Сказал это себе и тут же сам удивился: отчего столь мирное на вид место навело его именно на воспоминания о фильмах ужасов? А, вот отчего — дом был деревянный, совсем обшарпанный, с ржавыми водосточными трубами, облезлой синей краской на стенах и зловещими печными трубами, торчащими ввысь к белесому осеннему небу, словно могильные памятники на кладбище…
«Тьфу ты, совсем очумел, — ругнул он себя. — Нельзя же так увлекаться. Где это видано: эмоциональный милиционер? Дом как дом, у нас в городе четверть домов еще в худшем состоянии».
В кармане у него имелось заранее приготовленное удостоверение сотрудника областного радио, которое майор уже довольно давно выправил себе для того, чтобы иметь возможность спокойно беседовать с разными людьми. Подобные ксивы есть у многих оперативных работников органов, хотя это и не афишируется.
«В. В. Максимов. Корреспондент» — было написано в удостоверении, и любой желающий мог проверить это. О таких вещах тоже всегда заботятся заранее. Хотите проверить, действительно ли я корреспондент? Ради бога, звоните на областное радио и спрашивайте. Вот телефончик — это отдел кадров, они вам скажут.
И скажут, не сомневайтесь. На то это и отдел кадров — издавна святая святых государственного порядка в России.
— Максимов В. В.? — переспросит девушка из отдела кадров на другом конце провода. — Одну минуточку…
Опустит кудрявую головку, заглянет в некую тетрадочку, где имеется список «дополнительных» сотрудников, и поводит по странице наманикюрен-ным пальчиком.
— Да, — скажет через полминуты в трубку, — такой у нас работает. Да, Максимов В. В., именно так.
Так что проверяйте на здоровье. Конечно, такая система годится для поверхностного общения со случайными людьми. Потому что если с таким удостоверением нарвешься на настоящего сотрудника радио, будет смешно и глупо…
Вербин решил начать с третьего этажа и потом двинуться вниз.
— Чего надо? — спросил из-за двери грубый голос, после того как майор нажал несколько раз на дребезжащий звонок.
— Поговорить бы надо, — отозвался Вербин. Практика показывает, что с неотесанными людьми лучше всего сразу же взять такую же ноту. Грубияны, как правило, считают вежливость проявлением слабости.
— О чем говорить? — тут же донесся голос.

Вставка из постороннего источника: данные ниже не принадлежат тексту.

(* Let $\mathcal{S}$ be a constrained system with a single-state graph presentation as in the context, with edge set $\mathcal{E}$, label length $s$ and pair counts $\alpha_t$. Then $$\mathcal{GV}(\mathcal{S})\triangleq\{(\delta,R_{\rm GV}(\delta)):\delta\in[0,1]\}=\{(\delta(y),\rho(y)):y\in[0,1]\}\cup\{(\delta,0):\delta\ge\delta_{\max}\},$$ where $$\delta_{\max}=\frac{\sum_{t\ge0}t\alpha_t}{s|\mathcal{E}|^2},\qquad \delta(y)=\frac{\sum_{t\ge0}t\alpha_ty^t}{s\sum_{t\ge0}\alpha_ty^t},\qquad \rho(y)=\frac1s\left(\log\frac{|\mathcal{E}|^2}{\sum_{t\ge0}\alpha_ty^t}+\frac{\sum_{t\ge0}t\alpha_ty^t}{\sum_{t\ge0}\alpha_ty^t}\log y\right).$$
   Context: $\mathcal{G}$ is a labelled graph with exactly one state, a finite set $\mathcal{E}$ of loops (parallel edges) at that state, and an injective labelling $\mathcal{L}:\mathcal{E}\to\{0,1\}^s$ for some $s\ge1$. $\mathcal{S}$ is the set of words obtained by concatenating labels along paths; for $n$ a multiple of $s$, $\mathcal{S}_n$ is the set of such words of length $n$ (labels of paths with $n/s$ edges). $\log$ is to a fixed base (base 2); limits below are over $n$ multiple of $s$. $\mathrm{Cap}(\mathcal{S})=\limsup\frac1n\log|\mathcal{S}_n|$. For $\mathbf{x}\in\mathcal{S}_n$, $V(\mathbf{x},r)=|\{\mathbf{y}\in\mathcal{S}_n:d_H(\mathbf{x},\mathbf{y})\le r\}|$ ($d_H$ = Hamming distance), $T(n,d)=\sum_{\mathbf{x}\in\mathcal{S}_n}V(\mathbf{x},d-1)$, $\widetilde T(\delta)=\limsup\frac1n\log T(n,\lfloor\delta n\rfloor)$, and $R_{\rm GV}(\delta)=2\,\mathrm{Cap}(\mathcal{S})-\widetilde T(\delta)$. For $0\le t\le s$, $\alpha_t=\#\{(e,f)\in\mathcal{E}^2:d_H(\mathcal{L}(e),\mathcal{L}(f))=t\}$. At $y=0$ the term involving $\log 0$ is interpreted as $0$. *)

theory Defs
  imports "HOL-Analysis.Analysis" "HOL-Library.Liminf_Limsup"
begin

text \<open>Single-state labelled graph: edge set E, labelling L with labels bool lists of length s.
  Words of length k*s are concatenations of labels of k edges.\<close>

definition words :: "('e \<Rightarrow> bool list) \<Rightarrow> 'e set \<Rightarrow> nat \<Rightarrow> bool list set" where
  "words L E k = {concat (map L es) | es. length es = k \<and> set es \<subseteq> E}"

definition hamming :: "bool list \<Rightarrow> bool list \<Rightarrow> nat" where
  "hamming x y = card {i. i < length x \<and> x ! i \<noteq> y ! i}"

definition ball_count :: "('e \<Rightarrow> bool list) \<Rightarrow> 'e set \<Rightarrow> nat \<Rightarrow> bool list \<Rightarrow> nat \<Rightarrow> nat" where
  "ball_count L E k x r = card {y \<in> words L E k. hamming x y \<le> r}"

text \<open>T(n,d) with n = k*s; d - 1 is truncated subtraction on nat.\<close>
definition Tsum :: "('e \<Rightarrow> bool list) \<Rightarrow> 'e set \<Rightarrow> nat \<Rightarrow> nat \<Rightarrow> nat" where
  "Tsum L E k d = (\<Sum>x\<in>words L E k. ball_count L E k x (d - 1))"

definition cap :: "('e \<Rightarrow> bool list) \<Rightarrow> 'e set \<Rightarrow> nat \<Rightarrow> real" where
  "cap L E s = real_of_ereal
     (limsup (\<lambda>k. ereal (log 2 (real (card (words L E k))) / real (k * s))))"

definition Ttilde :: "('e \<Rightarrow> bool list) \<Rightarrow> 'e set \<Rightarrow> nat \<Rightarrow> real \<Rightarrow> real" where
  "Ttilde L E s \<delta> = real_of_ereal
     (limsup (\<lambda>k. ereal (log 2 (real (Tsum L E k (nat \<lfloor>\<delta> * real (k * s)\<rfloor>))) / real (k * s))))"

definition R_GV :: "('e \<Rightarrow> bool list) \<Rightarrow> 'e set \<Rightarrow> nat \<Rightarrow> real \<Rightarrow> real" where
  "R_GV L E s \<delta> = 2 * cap L E s - Ttilde L E s \<delta>"

definition alpha :: "('e \<Rightarrow> bool list) \<Rightarrow> 'e set \<Rightarrow> nat \<Rightarrow> nat" where
  "alpha L E t = card {(e, f). e \<in> E \<and> f \<in> E \<and> hamming (L e) (L f) = t}"

definition delta_max :: "('e \<Rightarrow> bool list) \<Rightarrow> 'e set \<Rightarrow> nat \<Rightarrow> real" where
  "delta_max L E s = (\<Sum>t\<le>s. real t * real (alpha L E t)) / (real s * real (card E) ^ 2)"

definition delta_y :: "('e \<Rightarrow> bool list) \<Rightarrow> 'e set \<Rightarrow> nat \<Rightarrow> real \<Rightarrow> real" where
  "delta_y L E s y = (\<Sum>t\<le>s. real t * real (alpha L E t) * y ^ t)
                     / (real s * (\<Sum>t\<le>s. real (alpha L E t) * y ^ t))"

text \<open>Note: log 2 0 = 0 in Isabelle, matching the convention at y = 0.\<close>
definition rho_y :: "('e \<Rightarrow> bool list) \<Rightarrow> 'e set \<Rightarrow> nat \<Rightarrow> real \<Rightarrow> real" where
  "rho_y L E s y = (1 / real s) *
     (log 2 (real (card E) ^ 2 / (\<Sum>t\<le>s. real (alpha L E t) * y ^ t))
      + ((\<Sum>t\<le>s. real t * real (alpha L E t) * y ^ t) / (\<Sum>t\<le>s. real (alpha L E t) * y ^ t)) * log 2 y)"

end

theory Submission
  imports Defs
begin

(* A pair of words of length k s at Hamming distance at most d - 1 is the same as a list of
   k pairs of edges whose label distances sum to at most d - 1.  Weighting such a list by
   y ^ (total distance) makes its entries independent, each with the tilted law
   y ^ dist(e, f) / A(y) on E x E, where A(y) = sum_t alpha_t y ^ t and the tilted mean
   distance is mu(y) = s delta(y).  Chernoff's bound caps the number of lists of total
   distance at most mu(y) k by A(y) ^ k / y ^ (mu(y) k), and Chebyshev's inequality for the
   tilted law shows that this is sharp up to a factor 2 ^ o(k).  Hence
   T~(delta(y)) = (log A(y) - mu(y) log y) / s and R_GV(delta(y)) = rho(y).  The map delta is
   continuous with delta(0) = 0 and delta(1) = delta_max, so it covers [0, delta_max]; beyond
   delta_max the count is squeezed between its value at delta_max and the total |E| ^ (2 k),
   whose exponents agree, so R_GV vanishes there. *)

lemma hamming_conv_sum: "hamming x y = (\<Sum>i<length x. of_bool (x ! i \<noteq> y ! i))"
proof -
  have "{i. i < length x \<and> x ! i \<noteq> y ! i} = {..<length x} \<inter> {i. x ! i \<noteq> y ! i}" by auto
  then show ?thesis unfolding hamming_def by simp
qed

lemma hamming_Cons [simp]:
  "hamming (a # x) (b # y) = of_bool (a \<noteq> b) + hamming x y"
  unfolding hamming_conv_sum length_Cons sum.lessThan_Suc_shift by simp

lemma hamming_Nil [simp]: "hamming [] y = 0"
  by (simp add: hamming_def)

lemma hamming_append:
  "length x = length y \<Longrightarrow> hamming (x @ x') (y @ y') = hamming x y + hamming x' y'"
  by (induction x y rule: list_induct2) simp_all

— Областное радио, — сказал Вербин. — Я корреспондент, вот у меня удостоверение.
Через некоторое время дверь открылась и на пороге появился небритый субъект лет сорока в майке, открывавшей волосатую грудь, и с куском колбасы в руке. Несмотря на поздний уже час, казалось, что человек только что встал с постели.

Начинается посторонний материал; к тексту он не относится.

theorem lemma1:
  fixes M :: "'a measure" and n :: nat and E :: "nat \<Rightarrow> 'a \<Rightarrow> real^'d"
  assumes "prob_space M"
    and "n \<ge> 2"
    and meas: "\<And>i. i \<in> {1..n+1} \<Longrightarrow> E i \<in> borel_measurable M"
    and exch: "exchangeable M n E"
    and no_atoms: "\<And>i j (x::real). i \<in> {1..n+1} \<Longrightarrow> measure M {\<omega> \<in> space M. E i \<omega> $ j = x} = 0"
    and nonneg: "\<And>i j. i \<in> {1..n+1} \<Longrightarrow> AE \<omega> in M. E i \<omega> $ j \<ge> 0"
    and mean_fin: "\<And>i j. i \<in> {1..n+1} \<Longrightarrow> integrable M (\<lambda>\<omega>. E i \<omega> $ j)"
    and var_fin: "\<And>i j. i \<in> {1..n+1} \<Longrightarrow> integrable M (\<lambda>\<omega>. (E i \<omega> $ j)^2)"
    and var_pos: "\<And>i j. i \<in> {1..n+1} \<Longrightarrow>
        (\<integral>\<omega>. (E i \<omega> $ j - (\<integral>\<omega>'. E i \<omega>' $ j \<partial>M))^2 \<partial>M) > 0"
    and distinct: "\<And>j. AE \<omega> in M. \<forall>i\<in>{1..n+1}. \<forall>k\<in>{1..n+1}. i \<noteq> k \<longrightarrow> E i \<omega> $ j \<noteq> E k \<omega> $ j"
  shows "AE \<omega> in M.
           (\<forall>j. mono (\<lambda>c. omega n (mu_hat n (\<lambda>i. E i \<omega>) j) (sigma_hat n (\<lambda>i. E i \<omega>) j) c)
                \<and> (\<forall>c. 0 \<le> omega n (mu_hat n (\<lambda>i. E i \<omega>) j) (sigma_hat n (\<lambda>i. E i \<omega>) j) c))
         \<and> (\<forall>c. S_oracle n (\<lambda>i. E i \<omega>) (n+1) \<le> c \<longleftrightarrow>
               (\<forall>j. 0 \<le> E (n+1) \<omega> $ j \<and>
                    ereal (E (n+1) \<omega> $ j) \<le> omega n (mu_hat n (\<lambda>i. E i \<omega>) j) (sigma_hat n (\<lambda>i. E i \<omega>) j) c))"
proof -
  interpret prob_space M by fact
  have last: "n + 1 \<in> {1..n+1}" and first_two: "1 \<in> {1..n+1}" "2 \<in> {1..n+1}"
    using \<open>n \<ge> 2\<close> by auto
  have "AE \<omega> in M. \<forall>i\<in>{1..n+1}. 0 \<le> E i \<omega> $ j" for j
    using nonneg by (intro AE_finite_allI) auto
  moreover have "AE \<omega> in M. E (n+1) \<omega> $ j \<noteq> 0" for j
    by (intro AE_neq_of_measure_eq_0 measurable_compose[OF meas[OF last] borel_measurable_nth]
        no_atoms[OF last])
  moreover have "AE \<omega> in M. E 1 \<omega> $ j \<noteq> E 2 \<omega> $ j" for j
    using distinct[of j] proof eventually_elim
    case (elim \<omega>)
    show ?case using elim[rule_format, OF first_two] by simp
  qed
  ultimately have "AE \<omega> in M. \<forall>j. \<forall>i\<in>{1..n+1}. 0 \<le> E i \<omega> $ j"
    "AE \<omega> in M. \<forall>j. E (n+1) \<omega> $ j \<noteq> 0" "AE \<omega> in M. \<forall>j. E 1 \<omega> $ j \<noteq> E 2 \<omega> $ j"
    unfolding AE_all_countable by blast+
  then show ?thesis
    by eventually_elim (rule oracle_score_characterisation[OF \<open>n \<ge> 2\<close>])
qed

Похоже, так оно и было, потому что за спиной его тотчас возникла еще одна фигура, на этот раз женская — в длинном засаленном халате с торчащей из-под низу ночной рубашкой.
— Чего ему надо? — говоря о Вербине в третьем лице, спросила женщина, и мужчина, не оборачиваясь, тут же ответил ей не по-русски, на отрывистом гортанном языке.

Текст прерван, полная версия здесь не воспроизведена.